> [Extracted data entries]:
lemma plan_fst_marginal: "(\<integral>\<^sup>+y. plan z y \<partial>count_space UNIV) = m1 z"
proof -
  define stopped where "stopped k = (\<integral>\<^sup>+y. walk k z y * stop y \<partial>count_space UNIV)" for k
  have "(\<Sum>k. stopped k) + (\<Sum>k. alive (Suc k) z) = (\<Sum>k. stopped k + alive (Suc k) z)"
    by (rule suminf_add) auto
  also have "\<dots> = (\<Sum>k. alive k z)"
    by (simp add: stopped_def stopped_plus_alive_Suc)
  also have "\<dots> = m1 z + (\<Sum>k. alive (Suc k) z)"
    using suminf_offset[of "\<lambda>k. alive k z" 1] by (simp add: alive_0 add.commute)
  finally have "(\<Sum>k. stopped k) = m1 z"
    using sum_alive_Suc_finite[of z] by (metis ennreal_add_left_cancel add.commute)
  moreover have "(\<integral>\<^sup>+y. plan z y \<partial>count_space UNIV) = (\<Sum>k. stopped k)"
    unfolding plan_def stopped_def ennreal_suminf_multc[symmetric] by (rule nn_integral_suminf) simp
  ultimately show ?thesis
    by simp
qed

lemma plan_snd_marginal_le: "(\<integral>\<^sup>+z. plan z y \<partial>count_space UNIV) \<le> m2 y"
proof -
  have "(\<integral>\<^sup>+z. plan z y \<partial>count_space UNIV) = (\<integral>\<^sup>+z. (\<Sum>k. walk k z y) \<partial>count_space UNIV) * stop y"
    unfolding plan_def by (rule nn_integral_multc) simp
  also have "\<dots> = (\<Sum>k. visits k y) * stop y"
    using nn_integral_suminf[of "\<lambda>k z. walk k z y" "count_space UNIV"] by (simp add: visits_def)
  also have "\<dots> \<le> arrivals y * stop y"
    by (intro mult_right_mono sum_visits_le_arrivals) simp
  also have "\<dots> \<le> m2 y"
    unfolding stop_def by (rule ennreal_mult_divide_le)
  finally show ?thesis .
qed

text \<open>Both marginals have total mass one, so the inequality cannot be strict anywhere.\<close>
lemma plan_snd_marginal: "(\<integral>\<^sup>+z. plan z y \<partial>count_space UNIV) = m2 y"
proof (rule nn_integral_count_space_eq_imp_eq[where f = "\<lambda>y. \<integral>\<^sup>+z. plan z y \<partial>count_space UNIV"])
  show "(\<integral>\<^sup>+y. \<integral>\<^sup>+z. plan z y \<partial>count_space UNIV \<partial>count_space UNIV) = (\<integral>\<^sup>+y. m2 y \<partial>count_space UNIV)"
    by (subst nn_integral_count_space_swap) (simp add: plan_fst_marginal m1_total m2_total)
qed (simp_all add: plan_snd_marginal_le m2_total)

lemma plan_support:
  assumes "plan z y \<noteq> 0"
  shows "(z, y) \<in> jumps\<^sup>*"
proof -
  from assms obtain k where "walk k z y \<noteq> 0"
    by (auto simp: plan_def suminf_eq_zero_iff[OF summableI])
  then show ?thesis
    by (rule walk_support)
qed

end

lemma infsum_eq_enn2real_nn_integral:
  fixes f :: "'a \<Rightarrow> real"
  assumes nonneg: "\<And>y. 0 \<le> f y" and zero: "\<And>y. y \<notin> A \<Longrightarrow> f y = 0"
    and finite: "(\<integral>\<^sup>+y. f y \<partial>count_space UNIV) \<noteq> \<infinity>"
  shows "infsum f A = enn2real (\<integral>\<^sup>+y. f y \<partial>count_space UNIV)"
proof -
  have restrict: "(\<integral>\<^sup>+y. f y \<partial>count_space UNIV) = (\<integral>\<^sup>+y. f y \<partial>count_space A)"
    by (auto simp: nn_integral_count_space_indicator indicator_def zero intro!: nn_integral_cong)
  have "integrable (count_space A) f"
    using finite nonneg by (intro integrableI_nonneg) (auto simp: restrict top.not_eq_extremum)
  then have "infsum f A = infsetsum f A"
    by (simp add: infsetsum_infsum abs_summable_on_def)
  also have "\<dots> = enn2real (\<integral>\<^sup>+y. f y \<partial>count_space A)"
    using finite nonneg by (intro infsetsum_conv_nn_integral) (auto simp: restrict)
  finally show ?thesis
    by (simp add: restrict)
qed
--
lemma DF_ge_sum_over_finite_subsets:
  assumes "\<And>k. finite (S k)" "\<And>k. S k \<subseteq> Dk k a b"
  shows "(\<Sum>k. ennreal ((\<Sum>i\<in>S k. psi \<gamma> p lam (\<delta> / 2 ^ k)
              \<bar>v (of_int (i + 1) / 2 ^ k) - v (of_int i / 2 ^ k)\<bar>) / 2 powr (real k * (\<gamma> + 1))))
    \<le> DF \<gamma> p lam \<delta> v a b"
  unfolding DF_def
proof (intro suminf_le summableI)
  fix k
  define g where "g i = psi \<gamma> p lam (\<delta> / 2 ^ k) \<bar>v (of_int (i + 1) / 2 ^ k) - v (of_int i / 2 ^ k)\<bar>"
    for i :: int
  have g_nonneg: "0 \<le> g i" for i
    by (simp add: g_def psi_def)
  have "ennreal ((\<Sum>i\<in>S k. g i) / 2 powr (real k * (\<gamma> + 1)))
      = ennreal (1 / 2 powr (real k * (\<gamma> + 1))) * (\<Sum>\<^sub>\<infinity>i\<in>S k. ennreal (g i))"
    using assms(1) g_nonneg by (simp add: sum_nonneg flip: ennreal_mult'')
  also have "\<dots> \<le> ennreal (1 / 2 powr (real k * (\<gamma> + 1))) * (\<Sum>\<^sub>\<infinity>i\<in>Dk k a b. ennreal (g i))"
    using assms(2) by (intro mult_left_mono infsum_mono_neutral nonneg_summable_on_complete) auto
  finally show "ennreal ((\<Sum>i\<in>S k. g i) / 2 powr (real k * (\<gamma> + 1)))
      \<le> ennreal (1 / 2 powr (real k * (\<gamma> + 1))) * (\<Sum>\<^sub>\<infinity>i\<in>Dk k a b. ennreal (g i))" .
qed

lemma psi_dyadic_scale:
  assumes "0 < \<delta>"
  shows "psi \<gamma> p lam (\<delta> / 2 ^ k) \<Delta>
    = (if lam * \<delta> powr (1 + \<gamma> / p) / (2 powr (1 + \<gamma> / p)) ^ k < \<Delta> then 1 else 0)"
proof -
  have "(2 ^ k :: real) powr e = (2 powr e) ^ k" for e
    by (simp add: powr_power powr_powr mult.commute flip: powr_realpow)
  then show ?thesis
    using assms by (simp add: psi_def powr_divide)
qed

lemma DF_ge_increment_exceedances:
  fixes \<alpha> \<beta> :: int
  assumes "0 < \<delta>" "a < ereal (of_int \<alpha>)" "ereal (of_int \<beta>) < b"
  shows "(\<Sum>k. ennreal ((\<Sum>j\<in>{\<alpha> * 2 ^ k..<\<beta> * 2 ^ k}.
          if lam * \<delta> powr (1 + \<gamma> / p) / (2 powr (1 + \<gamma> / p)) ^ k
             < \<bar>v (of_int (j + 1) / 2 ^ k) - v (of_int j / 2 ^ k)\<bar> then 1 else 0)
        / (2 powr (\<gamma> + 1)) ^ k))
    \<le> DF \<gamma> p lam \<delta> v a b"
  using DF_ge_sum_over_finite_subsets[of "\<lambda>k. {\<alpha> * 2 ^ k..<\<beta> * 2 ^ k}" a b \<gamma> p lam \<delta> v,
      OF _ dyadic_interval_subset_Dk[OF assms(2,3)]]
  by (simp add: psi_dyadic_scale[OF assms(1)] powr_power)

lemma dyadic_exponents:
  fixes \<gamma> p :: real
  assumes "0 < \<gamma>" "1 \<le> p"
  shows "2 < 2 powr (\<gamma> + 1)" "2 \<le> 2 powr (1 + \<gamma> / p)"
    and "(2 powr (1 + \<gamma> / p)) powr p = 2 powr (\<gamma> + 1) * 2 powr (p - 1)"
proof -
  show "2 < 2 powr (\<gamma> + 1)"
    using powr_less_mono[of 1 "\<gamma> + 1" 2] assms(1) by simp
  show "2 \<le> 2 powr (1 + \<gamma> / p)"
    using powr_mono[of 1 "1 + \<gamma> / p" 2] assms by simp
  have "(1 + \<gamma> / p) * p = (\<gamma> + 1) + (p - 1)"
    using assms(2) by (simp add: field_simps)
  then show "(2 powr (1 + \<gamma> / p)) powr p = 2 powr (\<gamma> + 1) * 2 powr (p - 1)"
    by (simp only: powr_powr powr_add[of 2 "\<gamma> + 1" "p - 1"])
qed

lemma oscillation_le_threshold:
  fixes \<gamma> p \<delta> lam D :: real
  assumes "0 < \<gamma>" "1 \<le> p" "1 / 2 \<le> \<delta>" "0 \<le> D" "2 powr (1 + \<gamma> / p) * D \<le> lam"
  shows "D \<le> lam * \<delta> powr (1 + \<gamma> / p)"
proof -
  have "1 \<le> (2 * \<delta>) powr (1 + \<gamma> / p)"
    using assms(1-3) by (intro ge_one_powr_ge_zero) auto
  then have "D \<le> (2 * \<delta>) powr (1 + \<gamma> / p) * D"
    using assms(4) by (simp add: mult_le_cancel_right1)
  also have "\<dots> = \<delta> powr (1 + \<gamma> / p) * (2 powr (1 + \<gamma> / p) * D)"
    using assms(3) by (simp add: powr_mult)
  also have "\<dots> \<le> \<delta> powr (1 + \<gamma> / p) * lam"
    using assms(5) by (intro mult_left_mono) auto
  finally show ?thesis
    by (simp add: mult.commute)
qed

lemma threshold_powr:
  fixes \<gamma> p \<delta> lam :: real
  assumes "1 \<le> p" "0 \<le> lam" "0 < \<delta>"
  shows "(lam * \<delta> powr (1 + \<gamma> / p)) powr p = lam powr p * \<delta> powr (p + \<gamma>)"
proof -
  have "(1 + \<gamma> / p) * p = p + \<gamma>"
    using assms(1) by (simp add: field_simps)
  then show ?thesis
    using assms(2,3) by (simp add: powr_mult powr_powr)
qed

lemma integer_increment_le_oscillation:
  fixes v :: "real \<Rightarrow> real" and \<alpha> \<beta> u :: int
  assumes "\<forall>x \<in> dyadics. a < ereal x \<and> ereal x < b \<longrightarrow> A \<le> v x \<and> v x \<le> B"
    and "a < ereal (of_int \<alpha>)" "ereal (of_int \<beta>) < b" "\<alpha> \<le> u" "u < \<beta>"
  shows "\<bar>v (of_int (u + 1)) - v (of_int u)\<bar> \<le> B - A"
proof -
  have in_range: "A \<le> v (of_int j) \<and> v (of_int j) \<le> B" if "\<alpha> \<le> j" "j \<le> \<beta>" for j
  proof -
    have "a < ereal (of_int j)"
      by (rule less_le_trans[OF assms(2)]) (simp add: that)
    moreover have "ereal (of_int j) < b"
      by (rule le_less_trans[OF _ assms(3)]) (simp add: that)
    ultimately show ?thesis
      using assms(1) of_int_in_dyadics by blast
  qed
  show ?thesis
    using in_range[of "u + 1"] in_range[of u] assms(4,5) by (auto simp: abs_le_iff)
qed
...
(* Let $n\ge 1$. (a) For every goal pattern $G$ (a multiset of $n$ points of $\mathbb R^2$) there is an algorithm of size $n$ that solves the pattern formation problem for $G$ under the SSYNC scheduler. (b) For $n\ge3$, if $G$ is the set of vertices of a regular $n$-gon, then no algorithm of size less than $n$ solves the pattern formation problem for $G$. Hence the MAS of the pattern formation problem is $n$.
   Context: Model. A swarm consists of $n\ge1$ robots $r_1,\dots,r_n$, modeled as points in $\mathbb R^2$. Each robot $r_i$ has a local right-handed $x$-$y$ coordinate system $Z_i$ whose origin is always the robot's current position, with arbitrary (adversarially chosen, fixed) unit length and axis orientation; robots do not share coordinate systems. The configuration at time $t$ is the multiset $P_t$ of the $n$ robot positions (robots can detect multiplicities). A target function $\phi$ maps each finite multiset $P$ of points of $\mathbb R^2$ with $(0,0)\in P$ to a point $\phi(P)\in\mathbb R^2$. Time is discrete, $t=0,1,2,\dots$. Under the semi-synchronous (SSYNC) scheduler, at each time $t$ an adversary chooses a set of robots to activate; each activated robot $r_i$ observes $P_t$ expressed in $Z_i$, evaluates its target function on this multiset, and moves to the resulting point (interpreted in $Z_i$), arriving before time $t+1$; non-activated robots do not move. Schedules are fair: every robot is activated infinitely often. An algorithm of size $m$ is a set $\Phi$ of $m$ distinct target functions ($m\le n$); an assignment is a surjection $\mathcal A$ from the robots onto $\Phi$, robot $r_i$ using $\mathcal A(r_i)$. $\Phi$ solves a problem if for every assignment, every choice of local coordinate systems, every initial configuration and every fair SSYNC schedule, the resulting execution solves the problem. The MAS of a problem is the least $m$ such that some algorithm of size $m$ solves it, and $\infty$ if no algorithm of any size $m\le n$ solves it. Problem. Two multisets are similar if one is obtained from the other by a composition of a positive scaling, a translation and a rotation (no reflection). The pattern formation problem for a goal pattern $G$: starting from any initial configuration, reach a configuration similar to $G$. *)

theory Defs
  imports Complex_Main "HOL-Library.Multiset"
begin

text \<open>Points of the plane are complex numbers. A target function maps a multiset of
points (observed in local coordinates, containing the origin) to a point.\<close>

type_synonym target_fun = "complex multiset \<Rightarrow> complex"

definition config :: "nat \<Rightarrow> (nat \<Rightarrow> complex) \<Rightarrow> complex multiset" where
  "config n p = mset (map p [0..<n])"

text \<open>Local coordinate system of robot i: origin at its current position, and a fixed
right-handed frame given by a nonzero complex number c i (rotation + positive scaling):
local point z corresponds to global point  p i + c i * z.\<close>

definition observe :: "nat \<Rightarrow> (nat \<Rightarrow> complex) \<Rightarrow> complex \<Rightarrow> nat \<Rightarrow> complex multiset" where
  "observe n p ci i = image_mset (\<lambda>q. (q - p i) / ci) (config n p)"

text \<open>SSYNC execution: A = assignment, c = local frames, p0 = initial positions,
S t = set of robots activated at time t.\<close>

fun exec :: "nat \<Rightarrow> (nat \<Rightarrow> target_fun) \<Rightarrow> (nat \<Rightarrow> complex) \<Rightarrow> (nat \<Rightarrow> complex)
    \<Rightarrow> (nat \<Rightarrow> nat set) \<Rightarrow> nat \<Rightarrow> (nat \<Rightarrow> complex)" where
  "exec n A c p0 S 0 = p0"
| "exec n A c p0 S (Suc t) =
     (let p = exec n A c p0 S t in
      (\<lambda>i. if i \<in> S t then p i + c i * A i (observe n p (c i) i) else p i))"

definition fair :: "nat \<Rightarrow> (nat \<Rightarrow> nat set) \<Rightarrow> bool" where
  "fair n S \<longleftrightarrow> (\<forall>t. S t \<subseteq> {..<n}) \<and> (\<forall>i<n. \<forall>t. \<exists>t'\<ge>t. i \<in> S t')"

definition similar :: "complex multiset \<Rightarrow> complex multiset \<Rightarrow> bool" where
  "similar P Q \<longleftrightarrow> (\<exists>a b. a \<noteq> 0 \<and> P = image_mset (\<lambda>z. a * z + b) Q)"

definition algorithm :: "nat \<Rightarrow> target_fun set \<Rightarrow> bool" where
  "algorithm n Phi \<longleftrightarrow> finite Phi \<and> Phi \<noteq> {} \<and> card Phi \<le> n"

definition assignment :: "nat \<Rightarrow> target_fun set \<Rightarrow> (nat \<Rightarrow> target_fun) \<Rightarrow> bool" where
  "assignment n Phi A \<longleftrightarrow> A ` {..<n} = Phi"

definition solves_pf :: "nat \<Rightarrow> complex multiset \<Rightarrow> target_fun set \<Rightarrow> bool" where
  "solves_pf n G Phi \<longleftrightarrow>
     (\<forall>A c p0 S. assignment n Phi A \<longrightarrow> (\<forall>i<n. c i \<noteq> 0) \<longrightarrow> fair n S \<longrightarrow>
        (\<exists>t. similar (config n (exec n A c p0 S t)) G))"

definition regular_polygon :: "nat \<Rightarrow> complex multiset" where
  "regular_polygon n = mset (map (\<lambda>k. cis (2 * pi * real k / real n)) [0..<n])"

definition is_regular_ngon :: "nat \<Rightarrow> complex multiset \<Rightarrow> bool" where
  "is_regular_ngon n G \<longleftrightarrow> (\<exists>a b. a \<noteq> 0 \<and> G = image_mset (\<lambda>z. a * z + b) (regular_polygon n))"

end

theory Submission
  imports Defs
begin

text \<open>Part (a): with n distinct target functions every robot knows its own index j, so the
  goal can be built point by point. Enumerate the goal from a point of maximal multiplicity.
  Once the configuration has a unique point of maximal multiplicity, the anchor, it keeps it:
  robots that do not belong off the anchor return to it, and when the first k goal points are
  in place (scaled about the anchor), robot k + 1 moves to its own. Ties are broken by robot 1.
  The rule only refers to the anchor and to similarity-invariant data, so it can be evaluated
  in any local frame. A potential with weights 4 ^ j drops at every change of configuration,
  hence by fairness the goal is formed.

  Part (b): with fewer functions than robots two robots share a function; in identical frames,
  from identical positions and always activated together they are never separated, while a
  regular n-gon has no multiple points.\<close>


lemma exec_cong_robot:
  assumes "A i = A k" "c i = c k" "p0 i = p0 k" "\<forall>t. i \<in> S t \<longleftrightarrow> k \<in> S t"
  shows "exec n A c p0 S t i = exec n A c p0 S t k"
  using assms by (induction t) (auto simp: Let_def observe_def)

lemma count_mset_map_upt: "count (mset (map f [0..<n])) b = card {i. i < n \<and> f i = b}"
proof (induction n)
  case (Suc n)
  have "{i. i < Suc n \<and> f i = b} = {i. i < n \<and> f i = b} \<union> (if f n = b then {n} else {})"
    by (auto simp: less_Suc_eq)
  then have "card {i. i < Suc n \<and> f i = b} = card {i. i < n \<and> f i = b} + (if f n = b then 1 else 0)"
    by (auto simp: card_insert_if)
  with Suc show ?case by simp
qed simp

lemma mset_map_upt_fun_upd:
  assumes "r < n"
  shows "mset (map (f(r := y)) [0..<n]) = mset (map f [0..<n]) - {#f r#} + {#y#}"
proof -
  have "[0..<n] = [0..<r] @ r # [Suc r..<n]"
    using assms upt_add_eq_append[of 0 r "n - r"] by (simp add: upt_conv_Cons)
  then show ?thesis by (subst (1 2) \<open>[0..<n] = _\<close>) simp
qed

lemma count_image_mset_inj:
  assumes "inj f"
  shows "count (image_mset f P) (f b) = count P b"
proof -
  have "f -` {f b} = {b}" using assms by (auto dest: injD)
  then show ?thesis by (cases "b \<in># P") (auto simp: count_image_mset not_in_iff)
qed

> [Work task]: Beginning at the line with "y \<partial>count_space UNIV) = m1" and stopping after the line with "(simp add: visits_def)", please write out every line of the data above exactly and nothing else.

> [Solved exercise]:
lemma plan_fst_marginal: "(\<integral>\<^sup>+y. plan z y \<partial>count_space UNIV) = m1 z"
proof -
  define stopped where "stopped k = (\<integral>\<^sup>+y. walk k z y * stop y \<partial>count_space UNIV)" for k
  have "(\<Sum>k. stopped k) + (\<Sum>k. alive (Suc k) z) = (\<Sum>k. stopped k + alive (Suc k) z)"
    by (rule suminf_add) auto
  also have "\<dots> = (\<Sum>k. alive k z)"
    by (simp add: stopped_def stopped_plus_alive_Suc)
  also have "\<dots> = m1 z + (\<Sum>k. alive (Suc k) z)"
    using suminf_offset[of "\<lambda>k. alive k z" 1] by (simp add: alive_0 add.commute)
  finally have "(\<Sum>k. stopped k) = m1 z"
    using sum_alive_Suc_finite[of z] by (metis ennreal_add_left_cancel add.commute)
  moreover have "(\<integral>\<^sup>+y. plan z y \<partial>count_space UNIV) = (\<Sum>k. stopped k)"
    unfolding plan_def stopped_def ennreal_suminf_multc[symmetric] by (rule nn_integral_suminf) simp
  ultimately show ?thesis
    by simp
qed

lemma plan_snd_marginal_le: "(\<integral>\<^sup>+z. plan z y \<partial>count_space UNIV) \<le> m2 y"
proof -
  have "(\<integral>\<^sup>+z. plan z y \<partial>count_space UNIV) = (\<integral>\<^sup>+z. (\<Sum>k. walk k z y) \<partial>count_space UNIV) * stop y"
    unfolding plan_def by (rule nn_integral_multc) simp
  also have "\<dots> = (\<Sum>k. visits k y) * stop y"
    using nn_integral_suminf[of "\<lambda>k z. walk k z y" "count_space UNIV"] by (simp add: visits_def)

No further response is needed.